**THE PROBLEM:** Whenever a line below includes the word "forall", copy that line.

__________

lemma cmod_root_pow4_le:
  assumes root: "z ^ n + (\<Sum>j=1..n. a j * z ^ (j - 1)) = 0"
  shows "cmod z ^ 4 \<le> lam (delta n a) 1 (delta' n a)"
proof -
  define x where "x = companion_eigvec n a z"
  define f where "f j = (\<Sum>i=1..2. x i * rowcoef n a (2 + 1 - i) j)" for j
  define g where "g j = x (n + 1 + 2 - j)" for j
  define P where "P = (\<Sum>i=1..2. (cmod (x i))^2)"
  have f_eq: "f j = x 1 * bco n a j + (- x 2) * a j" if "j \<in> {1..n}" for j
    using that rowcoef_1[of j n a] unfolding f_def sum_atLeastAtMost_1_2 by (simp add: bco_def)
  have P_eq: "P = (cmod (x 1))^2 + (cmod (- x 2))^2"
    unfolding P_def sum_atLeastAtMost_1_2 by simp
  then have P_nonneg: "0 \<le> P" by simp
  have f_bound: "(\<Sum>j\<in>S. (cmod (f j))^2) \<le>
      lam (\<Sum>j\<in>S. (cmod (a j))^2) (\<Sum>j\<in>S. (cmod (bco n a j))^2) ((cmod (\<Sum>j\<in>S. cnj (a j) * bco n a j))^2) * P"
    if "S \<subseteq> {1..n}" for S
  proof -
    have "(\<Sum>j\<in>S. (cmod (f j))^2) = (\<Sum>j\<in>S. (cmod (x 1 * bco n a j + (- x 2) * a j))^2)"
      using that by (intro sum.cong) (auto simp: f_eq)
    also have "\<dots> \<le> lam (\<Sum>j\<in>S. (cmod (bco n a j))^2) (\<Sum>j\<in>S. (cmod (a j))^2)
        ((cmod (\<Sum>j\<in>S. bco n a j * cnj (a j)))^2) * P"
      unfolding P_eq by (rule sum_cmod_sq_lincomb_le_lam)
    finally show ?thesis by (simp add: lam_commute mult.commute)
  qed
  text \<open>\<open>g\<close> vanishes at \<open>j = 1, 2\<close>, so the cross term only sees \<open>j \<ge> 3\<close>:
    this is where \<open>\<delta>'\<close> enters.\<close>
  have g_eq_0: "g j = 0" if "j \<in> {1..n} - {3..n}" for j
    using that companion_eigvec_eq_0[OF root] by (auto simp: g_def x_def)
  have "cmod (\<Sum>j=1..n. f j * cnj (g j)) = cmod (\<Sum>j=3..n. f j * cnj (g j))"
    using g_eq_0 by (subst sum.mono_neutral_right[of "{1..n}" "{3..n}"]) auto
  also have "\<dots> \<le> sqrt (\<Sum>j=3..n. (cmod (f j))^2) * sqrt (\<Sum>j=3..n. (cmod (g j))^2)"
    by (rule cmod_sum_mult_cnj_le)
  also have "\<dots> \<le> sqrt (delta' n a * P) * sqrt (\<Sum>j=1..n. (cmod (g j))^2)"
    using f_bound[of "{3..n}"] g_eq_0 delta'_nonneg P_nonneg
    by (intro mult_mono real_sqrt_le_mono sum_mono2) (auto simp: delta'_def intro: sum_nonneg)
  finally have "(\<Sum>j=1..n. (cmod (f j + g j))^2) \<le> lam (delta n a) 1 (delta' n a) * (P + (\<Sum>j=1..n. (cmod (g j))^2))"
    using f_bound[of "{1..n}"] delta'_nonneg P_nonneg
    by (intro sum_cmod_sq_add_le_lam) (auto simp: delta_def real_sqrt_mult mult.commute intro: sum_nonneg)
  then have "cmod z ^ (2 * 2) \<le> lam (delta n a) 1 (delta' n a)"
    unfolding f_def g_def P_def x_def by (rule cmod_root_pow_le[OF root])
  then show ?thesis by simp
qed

__________

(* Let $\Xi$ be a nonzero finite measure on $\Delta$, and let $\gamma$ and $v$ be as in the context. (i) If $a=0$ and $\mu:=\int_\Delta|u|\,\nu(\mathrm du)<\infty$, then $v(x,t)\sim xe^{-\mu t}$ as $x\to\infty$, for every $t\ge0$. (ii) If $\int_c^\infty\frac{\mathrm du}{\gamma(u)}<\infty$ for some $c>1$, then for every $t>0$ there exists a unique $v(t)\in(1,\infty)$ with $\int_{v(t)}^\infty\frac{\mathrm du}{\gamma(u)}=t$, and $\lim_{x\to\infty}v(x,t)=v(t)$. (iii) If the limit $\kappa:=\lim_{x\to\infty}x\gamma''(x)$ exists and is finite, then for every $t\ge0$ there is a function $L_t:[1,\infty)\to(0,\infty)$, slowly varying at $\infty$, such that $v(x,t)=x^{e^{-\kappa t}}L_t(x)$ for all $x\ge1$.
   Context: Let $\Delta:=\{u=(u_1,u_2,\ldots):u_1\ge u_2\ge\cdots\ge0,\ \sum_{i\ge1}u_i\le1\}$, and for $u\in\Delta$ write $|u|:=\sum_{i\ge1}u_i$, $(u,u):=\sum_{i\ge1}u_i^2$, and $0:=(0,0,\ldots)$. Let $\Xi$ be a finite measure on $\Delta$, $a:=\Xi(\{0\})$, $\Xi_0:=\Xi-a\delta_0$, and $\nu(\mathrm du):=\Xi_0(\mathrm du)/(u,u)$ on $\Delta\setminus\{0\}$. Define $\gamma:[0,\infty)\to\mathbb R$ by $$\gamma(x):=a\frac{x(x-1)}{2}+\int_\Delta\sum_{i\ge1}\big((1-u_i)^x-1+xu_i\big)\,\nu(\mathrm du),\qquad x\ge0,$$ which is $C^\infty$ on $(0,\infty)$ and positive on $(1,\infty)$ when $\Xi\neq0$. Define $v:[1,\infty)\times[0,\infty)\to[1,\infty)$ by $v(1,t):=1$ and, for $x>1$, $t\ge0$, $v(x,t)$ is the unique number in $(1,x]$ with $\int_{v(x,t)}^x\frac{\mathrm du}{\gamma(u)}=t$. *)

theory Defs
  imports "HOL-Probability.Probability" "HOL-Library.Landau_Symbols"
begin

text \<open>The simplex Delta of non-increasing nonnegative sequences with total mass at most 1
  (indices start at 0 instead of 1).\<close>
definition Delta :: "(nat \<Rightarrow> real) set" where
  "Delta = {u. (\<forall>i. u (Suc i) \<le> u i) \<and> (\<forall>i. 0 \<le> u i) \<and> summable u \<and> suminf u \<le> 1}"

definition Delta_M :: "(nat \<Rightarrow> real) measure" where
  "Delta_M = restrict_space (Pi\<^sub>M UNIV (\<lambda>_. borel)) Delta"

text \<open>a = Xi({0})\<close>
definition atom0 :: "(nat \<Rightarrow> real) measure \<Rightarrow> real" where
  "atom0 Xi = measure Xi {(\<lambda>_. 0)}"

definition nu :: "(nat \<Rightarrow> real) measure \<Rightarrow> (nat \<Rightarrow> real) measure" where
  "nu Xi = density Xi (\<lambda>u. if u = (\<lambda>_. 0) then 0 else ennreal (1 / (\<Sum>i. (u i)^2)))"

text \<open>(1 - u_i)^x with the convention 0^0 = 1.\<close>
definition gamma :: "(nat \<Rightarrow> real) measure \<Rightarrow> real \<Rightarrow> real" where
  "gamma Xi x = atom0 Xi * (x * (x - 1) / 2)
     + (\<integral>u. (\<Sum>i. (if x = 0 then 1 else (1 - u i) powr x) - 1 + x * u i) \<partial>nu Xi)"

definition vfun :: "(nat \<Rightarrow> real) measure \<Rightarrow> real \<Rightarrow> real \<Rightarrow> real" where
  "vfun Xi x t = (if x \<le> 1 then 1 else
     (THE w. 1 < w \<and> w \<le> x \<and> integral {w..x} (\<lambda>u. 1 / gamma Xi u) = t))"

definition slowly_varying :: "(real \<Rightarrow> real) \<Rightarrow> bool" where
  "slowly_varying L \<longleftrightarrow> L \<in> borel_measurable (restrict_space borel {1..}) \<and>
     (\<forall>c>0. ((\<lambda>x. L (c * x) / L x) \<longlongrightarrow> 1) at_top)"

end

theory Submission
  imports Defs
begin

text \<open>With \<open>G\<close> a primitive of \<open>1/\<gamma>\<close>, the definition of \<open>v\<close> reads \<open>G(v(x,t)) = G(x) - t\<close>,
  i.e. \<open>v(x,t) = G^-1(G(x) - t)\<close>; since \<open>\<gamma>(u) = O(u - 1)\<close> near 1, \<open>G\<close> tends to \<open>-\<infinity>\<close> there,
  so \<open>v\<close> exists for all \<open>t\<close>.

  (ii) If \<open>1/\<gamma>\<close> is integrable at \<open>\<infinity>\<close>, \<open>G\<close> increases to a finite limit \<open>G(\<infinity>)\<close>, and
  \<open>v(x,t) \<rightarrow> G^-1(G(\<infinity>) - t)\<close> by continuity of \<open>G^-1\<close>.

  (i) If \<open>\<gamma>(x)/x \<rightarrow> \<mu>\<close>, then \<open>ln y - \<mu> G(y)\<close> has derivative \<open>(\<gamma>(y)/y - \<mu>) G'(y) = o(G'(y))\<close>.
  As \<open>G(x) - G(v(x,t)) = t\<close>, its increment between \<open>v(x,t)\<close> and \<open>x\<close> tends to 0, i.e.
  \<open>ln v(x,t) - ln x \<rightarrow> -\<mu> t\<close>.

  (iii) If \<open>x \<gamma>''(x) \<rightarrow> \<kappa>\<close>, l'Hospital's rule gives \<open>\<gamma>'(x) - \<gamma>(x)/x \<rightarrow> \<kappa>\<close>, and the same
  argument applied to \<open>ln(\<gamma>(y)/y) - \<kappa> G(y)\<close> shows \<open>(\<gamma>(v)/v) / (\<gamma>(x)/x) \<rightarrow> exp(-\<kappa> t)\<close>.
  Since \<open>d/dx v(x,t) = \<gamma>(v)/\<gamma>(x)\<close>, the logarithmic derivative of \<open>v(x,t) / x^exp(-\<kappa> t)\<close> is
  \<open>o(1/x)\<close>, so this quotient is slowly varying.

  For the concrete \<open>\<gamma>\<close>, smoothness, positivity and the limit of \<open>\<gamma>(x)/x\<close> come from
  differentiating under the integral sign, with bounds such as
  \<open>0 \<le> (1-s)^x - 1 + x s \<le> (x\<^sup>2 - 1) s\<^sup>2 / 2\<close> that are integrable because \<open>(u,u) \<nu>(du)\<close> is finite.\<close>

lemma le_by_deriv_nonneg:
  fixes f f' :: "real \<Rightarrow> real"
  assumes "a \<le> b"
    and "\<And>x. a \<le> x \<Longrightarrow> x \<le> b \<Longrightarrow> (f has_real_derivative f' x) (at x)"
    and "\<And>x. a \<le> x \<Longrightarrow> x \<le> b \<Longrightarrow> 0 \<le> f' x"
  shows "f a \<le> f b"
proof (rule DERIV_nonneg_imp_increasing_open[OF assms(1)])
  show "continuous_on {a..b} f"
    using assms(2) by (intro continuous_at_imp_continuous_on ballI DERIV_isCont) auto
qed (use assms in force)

__________

**RESPONSE AREA:**
  "Delta = {u. (\<forall>i. u (Suc i) \<le> u i) \<and> (\<forall>i. 0 \<le> u i) \<and> summable u \<and> suminf u \<le> 1}"
     (\<forall>c>0. ((\<lambda>x. L (c * x) / L x) \<longlongrightarrow> 1) at_top)"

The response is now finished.